Using the entries below, write out the line with "j) = (\<Sum>j<d. f", the line with "using p aut", and every line in between, exactly as each is written.

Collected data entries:
######
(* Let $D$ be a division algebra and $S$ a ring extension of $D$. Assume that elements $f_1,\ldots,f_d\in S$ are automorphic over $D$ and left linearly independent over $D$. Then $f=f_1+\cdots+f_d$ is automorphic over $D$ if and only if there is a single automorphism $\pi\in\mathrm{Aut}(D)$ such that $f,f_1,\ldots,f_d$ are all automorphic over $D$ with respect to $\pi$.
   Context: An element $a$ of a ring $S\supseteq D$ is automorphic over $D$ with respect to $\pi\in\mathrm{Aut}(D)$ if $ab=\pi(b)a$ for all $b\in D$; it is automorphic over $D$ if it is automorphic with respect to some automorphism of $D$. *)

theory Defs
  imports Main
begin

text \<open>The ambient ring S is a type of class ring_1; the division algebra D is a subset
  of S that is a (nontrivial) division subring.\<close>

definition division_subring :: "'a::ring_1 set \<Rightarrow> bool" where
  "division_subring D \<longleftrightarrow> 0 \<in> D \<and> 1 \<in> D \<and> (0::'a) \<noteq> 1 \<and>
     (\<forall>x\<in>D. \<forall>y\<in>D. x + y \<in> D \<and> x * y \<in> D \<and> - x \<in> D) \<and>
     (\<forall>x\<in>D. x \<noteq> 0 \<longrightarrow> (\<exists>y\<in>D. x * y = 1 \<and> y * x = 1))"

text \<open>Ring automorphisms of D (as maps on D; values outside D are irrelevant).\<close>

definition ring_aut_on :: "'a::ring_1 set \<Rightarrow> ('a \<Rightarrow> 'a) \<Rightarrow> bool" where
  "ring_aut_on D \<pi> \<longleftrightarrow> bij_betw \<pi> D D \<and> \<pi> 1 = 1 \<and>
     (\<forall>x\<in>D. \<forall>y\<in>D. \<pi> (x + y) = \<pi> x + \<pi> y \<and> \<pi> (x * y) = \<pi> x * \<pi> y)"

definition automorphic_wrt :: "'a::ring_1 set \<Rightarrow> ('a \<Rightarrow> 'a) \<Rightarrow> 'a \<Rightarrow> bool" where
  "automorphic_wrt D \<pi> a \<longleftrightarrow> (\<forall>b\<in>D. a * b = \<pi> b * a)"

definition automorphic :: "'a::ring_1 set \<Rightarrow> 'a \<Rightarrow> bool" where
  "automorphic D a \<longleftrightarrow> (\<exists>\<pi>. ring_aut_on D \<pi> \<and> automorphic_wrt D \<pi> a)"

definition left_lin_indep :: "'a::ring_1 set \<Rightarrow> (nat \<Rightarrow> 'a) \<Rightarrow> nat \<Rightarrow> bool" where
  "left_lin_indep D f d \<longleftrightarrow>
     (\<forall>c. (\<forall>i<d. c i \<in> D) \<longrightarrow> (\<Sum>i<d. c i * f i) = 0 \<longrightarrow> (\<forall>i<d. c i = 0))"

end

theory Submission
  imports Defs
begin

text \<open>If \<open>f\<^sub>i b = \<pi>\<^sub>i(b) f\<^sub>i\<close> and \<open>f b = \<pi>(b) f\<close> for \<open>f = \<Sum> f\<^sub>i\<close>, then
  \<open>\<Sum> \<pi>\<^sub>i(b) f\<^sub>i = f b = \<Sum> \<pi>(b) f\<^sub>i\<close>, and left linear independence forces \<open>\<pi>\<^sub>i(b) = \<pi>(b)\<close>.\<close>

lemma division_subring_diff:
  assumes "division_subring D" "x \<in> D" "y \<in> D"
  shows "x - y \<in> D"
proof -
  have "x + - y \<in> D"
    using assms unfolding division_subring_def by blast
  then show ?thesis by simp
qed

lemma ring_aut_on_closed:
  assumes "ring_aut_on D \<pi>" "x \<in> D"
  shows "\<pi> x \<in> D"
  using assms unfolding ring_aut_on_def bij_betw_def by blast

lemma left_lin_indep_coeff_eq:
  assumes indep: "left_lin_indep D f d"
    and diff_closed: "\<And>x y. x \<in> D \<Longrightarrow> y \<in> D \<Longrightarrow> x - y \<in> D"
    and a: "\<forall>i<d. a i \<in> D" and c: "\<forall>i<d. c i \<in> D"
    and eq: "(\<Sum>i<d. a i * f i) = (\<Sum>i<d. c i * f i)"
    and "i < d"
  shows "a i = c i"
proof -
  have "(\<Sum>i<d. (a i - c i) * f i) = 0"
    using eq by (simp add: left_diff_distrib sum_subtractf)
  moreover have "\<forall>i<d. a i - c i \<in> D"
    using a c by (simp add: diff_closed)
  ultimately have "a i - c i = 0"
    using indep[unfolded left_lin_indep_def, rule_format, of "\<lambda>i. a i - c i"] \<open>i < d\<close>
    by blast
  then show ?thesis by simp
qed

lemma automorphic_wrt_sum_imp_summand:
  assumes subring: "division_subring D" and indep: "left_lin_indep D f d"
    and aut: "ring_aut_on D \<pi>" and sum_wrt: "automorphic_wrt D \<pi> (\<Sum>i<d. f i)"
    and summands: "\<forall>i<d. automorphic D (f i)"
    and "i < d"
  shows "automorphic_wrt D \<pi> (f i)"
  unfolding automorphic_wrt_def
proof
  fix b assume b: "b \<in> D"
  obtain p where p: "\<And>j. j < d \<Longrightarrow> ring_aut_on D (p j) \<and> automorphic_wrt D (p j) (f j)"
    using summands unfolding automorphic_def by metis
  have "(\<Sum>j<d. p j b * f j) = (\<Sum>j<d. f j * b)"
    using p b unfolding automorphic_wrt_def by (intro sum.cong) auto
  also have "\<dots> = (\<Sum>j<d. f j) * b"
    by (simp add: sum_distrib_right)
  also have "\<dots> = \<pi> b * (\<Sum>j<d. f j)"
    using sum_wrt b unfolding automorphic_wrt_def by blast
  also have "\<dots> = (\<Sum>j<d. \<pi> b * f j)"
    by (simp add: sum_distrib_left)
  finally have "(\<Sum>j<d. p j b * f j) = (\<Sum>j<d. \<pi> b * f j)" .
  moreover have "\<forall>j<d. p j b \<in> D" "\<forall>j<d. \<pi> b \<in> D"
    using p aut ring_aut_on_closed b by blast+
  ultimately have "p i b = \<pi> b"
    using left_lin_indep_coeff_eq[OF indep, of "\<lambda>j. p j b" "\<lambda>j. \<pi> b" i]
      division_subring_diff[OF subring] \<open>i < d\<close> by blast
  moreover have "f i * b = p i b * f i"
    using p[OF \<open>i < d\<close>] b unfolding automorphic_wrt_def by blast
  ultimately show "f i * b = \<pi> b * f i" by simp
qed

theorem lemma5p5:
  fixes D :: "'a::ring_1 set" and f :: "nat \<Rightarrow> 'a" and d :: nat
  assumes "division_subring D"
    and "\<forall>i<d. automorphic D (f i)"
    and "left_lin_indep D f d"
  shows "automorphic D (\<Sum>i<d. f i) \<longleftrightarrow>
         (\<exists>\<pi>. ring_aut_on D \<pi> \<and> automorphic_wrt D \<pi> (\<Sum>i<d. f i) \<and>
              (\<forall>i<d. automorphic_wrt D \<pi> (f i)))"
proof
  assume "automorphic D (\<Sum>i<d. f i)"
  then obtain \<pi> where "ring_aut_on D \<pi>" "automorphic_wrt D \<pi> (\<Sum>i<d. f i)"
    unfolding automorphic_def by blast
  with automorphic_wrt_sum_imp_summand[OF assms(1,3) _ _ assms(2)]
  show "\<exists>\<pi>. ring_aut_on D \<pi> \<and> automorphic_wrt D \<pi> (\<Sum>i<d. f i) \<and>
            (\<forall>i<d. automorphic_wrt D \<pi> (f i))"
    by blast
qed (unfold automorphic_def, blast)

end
######
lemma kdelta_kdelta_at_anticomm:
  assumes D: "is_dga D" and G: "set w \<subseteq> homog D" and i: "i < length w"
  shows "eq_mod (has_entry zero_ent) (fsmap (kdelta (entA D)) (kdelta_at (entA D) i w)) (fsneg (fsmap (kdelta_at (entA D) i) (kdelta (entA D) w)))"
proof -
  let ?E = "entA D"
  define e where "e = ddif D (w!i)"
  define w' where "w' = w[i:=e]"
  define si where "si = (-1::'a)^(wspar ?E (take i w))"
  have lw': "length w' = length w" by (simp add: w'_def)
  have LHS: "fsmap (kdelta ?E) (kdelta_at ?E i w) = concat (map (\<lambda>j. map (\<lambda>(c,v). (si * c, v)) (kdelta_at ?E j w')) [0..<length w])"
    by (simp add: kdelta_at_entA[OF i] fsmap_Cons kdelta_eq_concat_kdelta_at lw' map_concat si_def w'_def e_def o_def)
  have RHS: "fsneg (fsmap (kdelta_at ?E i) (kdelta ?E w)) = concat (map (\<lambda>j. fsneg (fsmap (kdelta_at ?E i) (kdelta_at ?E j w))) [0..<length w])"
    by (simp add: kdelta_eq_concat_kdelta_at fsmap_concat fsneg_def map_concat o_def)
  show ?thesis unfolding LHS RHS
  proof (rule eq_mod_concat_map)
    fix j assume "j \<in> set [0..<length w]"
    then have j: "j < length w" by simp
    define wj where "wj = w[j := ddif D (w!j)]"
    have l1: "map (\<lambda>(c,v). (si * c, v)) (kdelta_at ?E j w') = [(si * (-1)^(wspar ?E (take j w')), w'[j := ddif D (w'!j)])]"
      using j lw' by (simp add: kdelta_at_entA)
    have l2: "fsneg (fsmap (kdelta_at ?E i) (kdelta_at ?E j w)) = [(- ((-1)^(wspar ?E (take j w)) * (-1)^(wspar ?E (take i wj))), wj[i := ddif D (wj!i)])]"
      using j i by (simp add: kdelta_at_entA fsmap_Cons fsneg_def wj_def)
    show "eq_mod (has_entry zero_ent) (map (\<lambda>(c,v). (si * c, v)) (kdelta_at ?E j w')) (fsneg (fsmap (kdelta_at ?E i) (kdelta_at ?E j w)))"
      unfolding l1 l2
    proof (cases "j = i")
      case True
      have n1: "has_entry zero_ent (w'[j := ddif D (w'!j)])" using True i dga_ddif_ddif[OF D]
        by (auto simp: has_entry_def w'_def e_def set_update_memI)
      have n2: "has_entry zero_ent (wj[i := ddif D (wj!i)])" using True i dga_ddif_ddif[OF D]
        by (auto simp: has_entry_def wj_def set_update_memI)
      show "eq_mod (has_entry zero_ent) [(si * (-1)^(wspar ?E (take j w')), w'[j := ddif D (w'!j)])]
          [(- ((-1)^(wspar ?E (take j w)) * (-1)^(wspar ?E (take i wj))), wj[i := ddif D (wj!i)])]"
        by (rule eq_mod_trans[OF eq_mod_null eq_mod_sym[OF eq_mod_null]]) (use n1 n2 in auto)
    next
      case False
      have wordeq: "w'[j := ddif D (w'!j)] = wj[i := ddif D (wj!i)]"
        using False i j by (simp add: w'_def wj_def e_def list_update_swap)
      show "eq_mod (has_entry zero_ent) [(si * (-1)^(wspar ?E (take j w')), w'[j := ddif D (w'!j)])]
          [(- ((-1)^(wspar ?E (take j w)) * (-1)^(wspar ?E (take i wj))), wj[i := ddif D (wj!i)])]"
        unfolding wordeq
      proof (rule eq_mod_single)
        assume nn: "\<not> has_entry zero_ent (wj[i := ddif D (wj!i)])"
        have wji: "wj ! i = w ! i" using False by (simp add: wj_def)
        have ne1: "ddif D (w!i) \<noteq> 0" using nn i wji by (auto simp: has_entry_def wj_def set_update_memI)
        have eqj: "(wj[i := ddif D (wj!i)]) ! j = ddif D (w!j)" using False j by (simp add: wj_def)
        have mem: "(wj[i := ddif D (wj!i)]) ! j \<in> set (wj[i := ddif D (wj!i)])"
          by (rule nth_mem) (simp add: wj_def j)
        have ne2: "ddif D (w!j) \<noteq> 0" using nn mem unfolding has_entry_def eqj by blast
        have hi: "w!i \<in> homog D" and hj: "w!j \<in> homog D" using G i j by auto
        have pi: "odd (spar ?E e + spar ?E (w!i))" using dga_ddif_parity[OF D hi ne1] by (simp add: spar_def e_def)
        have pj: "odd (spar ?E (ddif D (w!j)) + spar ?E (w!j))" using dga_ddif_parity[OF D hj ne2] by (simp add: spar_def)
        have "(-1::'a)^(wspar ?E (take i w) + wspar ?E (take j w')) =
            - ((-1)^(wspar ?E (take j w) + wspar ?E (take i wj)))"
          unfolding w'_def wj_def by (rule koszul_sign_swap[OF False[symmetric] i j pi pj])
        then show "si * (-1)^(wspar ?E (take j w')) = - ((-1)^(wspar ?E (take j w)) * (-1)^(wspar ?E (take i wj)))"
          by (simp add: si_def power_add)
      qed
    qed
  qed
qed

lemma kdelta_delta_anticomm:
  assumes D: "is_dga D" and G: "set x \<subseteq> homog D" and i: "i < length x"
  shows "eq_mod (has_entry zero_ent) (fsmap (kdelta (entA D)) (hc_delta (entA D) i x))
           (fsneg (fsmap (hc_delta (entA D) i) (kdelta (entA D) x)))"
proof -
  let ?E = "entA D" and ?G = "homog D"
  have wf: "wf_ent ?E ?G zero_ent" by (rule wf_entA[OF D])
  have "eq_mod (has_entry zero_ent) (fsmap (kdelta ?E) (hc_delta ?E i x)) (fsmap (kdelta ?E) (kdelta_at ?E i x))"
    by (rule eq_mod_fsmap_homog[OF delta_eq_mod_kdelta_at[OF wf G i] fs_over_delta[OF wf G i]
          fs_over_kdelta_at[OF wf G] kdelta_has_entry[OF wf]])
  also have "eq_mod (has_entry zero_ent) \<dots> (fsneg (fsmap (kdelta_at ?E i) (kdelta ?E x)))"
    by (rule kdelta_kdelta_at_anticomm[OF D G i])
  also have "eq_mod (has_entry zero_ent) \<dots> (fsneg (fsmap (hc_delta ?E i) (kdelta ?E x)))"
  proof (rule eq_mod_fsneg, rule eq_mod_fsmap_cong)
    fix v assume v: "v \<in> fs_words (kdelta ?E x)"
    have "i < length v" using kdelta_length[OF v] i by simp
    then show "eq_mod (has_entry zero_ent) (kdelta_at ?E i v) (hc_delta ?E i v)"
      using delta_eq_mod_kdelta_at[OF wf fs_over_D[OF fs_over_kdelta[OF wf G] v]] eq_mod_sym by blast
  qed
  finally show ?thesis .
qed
######
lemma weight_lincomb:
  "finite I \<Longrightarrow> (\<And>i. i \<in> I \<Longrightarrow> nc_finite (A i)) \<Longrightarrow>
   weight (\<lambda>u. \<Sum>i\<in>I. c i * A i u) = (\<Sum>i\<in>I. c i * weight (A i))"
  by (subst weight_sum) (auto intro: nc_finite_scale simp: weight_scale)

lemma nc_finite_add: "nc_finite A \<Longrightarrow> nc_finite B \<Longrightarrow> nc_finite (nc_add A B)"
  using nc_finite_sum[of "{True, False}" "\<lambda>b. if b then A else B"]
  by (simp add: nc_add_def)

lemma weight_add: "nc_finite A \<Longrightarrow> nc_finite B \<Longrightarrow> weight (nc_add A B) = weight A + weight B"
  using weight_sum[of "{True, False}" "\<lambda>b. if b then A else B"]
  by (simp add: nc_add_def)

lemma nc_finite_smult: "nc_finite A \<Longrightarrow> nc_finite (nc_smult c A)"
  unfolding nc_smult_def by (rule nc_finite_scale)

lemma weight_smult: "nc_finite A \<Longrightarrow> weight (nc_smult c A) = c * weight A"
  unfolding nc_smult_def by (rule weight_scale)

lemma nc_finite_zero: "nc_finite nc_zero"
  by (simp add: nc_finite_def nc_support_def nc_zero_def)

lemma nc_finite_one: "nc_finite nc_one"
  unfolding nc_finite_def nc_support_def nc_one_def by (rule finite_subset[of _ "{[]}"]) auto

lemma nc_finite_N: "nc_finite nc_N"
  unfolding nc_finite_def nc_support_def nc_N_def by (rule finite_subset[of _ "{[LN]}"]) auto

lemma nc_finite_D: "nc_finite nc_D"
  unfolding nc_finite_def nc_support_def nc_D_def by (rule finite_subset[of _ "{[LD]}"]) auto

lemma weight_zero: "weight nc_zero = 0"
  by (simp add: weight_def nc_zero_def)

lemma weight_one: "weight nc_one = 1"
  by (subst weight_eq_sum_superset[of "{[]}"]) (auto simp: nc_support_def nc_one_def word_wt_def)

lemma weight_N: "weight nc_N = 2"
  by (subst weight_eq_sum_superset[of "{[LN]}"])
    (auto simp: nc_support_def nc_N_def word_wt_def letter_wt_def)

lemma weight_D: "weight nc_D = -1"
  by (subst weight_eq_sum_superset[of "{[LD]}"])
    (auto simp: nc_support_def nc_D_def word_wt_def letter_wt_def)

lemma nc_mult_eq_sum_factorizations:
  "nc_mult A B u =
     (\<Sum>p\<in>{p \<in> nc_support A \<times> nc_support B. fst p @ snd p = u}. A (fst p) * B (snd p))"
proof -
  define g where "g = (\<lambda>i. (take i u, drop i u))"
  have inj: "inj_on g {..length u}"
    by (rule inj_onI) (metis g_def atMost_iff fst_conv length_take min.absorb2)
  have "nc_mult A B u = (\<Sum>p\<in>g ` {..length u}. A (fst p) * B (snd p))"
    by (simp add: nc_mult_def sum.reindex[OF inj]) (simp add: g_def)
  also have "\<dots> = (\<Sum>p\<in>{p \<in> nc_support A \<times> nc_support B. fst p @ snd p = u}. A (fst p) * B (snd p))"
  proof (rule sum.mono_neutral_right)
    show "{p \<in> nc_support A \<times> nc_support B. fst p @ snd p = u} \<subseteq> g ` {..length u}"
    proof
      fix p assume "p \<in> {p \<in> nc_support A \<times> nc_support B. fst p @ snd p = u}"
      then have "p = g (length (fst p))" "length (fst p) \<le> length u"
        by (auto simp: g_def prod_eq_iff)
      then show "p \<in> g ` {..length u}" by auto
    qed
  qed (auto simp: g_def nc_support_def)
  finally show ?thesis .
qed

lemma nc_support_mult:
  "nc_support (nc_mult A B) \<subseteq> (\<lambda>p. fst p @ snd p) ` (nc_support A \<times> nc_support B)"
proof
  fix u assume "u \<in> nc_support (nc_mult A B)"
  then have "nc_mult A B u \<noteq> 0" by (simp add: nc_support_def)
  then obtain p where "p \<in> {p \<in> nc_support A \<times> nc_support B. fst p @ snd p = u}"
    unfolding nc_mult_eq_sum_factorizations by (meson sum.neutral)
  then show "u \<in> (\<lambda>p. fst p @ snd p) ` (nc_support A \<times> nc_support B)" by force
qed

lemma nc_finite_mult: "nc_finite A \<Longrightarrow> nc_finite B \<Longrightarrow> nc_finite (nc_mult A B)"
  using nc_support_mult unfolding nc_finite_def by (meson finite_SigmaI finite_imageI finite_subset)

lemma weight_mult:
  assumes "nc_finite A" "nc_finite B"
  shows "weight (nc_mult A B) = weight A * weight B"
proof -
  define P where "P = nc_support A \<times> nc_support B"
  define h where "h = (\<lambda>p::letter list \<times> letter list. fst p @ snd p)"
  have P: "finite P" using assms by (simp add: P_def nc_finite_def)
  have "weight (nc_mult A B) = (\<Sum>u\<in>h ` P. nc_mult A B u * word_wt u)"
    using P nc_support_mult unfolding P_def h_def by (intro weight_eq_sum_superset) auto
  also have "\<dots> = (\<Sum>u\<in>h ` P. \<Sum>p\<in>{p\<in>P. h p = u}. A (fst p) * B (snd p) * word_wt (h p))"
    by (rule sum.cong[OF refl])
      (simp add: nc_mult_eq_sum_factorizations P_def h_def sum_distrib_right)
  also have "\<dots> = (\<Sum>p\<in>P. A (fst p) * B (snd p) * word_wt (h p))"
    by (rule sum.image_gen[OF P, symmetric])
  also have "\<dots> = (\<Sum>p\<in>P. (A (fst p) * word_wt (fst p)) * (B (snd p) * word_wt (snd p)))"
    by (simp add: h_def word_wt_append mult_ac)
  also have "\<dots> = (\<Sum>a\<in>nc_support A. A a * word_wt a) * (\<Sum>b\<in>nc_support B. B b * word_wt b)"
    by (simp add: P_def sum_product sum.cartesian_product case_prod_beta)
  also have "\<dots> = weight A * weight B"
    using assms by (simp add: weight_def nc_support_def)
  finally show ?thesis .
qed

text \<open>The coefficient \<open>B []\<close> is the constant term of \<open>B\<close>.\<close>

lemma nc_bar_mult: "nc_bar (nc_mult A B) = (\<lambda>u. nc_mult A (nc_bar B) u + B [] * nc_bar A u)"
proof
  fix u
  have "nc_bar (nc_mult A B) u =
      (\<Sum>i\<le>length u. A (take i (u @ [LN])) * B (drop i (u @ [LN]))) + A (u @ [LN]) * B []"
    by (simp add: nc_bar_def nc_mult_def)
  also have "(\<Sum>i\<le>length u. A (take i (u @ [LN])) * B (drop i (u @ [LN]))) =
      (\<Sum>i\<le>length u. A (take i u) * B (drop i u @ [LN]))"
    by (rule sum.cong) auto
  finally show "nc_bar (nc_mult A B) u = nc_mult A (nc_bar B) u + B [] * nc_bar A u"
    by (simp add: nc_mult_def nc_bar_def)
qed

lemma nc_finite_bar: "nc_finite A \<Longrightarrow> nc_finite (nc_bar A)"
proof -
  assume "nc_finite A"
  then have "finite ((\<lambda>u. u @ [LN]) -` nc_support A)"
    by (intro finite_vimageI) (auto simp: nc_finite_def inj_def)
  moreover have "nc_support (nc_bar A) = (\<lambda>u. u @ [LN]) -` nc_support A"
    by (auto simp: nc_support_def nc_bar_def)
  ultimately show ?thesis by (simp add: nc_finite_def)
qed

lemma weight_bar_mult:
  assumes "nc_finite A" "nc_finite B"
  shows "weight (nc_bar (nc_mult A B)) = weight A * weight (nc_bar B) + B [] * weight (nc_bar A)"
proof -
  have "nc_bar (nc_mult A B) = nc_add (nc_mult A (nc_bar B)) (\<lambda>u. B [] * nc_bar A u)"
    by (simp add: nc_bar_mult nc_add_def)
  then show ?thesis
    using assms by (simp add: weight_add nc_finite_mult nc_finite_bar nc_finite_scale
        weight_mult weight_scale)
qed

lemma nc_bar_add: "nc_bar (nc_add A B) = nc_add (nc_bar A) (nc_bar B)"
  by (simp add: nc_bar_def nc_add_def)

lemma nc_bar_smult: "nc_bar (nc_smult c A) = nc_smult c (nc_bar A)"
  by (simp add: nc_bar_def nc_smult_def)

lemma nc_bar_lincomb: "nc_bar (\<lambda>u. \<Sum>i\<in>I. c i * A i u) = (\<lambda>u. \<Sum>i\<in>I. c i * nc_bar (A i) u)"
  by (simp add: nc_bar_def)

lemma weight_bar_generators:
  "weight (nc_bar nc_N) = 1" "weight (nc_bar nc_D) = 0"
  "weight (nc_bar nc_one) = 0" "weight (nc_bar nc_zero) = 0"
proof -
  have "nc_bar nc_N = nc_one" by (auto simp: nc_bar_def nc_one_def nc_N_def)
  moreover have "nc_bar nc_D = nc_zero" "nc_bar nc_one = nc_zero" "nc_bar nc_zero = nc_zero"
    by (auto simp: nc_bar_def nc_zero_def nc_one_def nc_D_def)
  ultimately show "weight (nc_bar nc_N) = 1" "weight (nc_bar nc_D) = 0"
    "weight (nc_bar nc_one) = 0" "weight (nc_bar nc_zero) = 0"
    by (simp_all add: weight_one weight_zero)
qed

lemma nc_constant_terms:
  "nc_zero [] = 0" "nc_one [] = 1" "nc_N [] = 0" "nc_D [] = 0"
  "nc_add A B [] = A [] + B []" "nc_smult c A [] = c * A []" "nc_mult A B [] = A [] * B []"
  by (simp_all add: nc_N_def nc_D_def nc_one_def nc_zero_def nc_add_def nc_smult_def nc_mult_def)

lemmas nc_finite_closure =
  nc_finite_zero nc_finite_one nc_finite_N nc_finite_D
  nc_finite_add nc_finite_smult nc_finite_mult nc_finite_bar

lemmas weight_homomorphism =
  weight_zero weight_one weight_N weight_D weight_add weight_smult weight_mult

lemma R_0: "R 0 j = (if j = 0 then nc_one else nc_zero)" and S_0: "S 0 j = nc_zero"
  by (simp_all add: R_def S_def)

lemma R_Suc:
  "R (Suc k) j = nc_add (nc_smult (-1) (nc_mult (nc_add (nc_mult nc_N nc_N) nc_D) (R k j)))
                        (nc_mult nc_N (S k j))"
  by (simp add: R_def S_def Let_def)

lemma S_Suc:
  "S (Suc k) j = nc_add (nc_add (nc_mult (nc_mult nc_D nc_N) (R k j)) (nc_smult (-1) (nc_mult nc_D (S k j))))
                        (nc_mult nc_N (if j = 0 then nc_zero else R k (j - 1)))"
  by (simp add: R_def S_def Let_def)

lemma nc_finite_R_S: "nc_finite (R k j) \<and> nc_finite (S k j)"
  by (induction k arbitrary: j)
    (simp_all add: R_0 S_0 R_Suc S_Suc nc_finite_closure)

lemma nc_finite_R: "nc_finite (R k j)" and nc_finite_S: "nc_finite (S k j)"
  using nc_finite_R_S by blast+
######
## ANSWER TO THE PROBLEM
  have "(\<Sum>j<d. p j b * f j) = (\<Sum>j<d. f j * b)"
    using p b unfolding automorphic_wrt_def by (intro sum.cong) auto
  also have "\<dots> = (\<Sum>j<d. f j) * b"
    by (simp add: sum_distrib_right)
  also have "\<dots> = \<pi> b * (\<Sum>j<d. f j)"
    using sum_wrt b unfolding automorphic_wrt_def by blast
  also have "\<dots> = (\<Sum>j<d. \<pi> b * f j)"
    by (simp add: sum_distrib_left)
  finally have "(\<Sum>j<d. p j b * f j) = (\<Sum>j<d. \<pi> b * f j)" .
  moreover have "\<forall>j<d. p j b \<in> D" "\<forall>j<d. \<pi> b \<in> D"
    using p aut ring_aut_on_closed b by blast+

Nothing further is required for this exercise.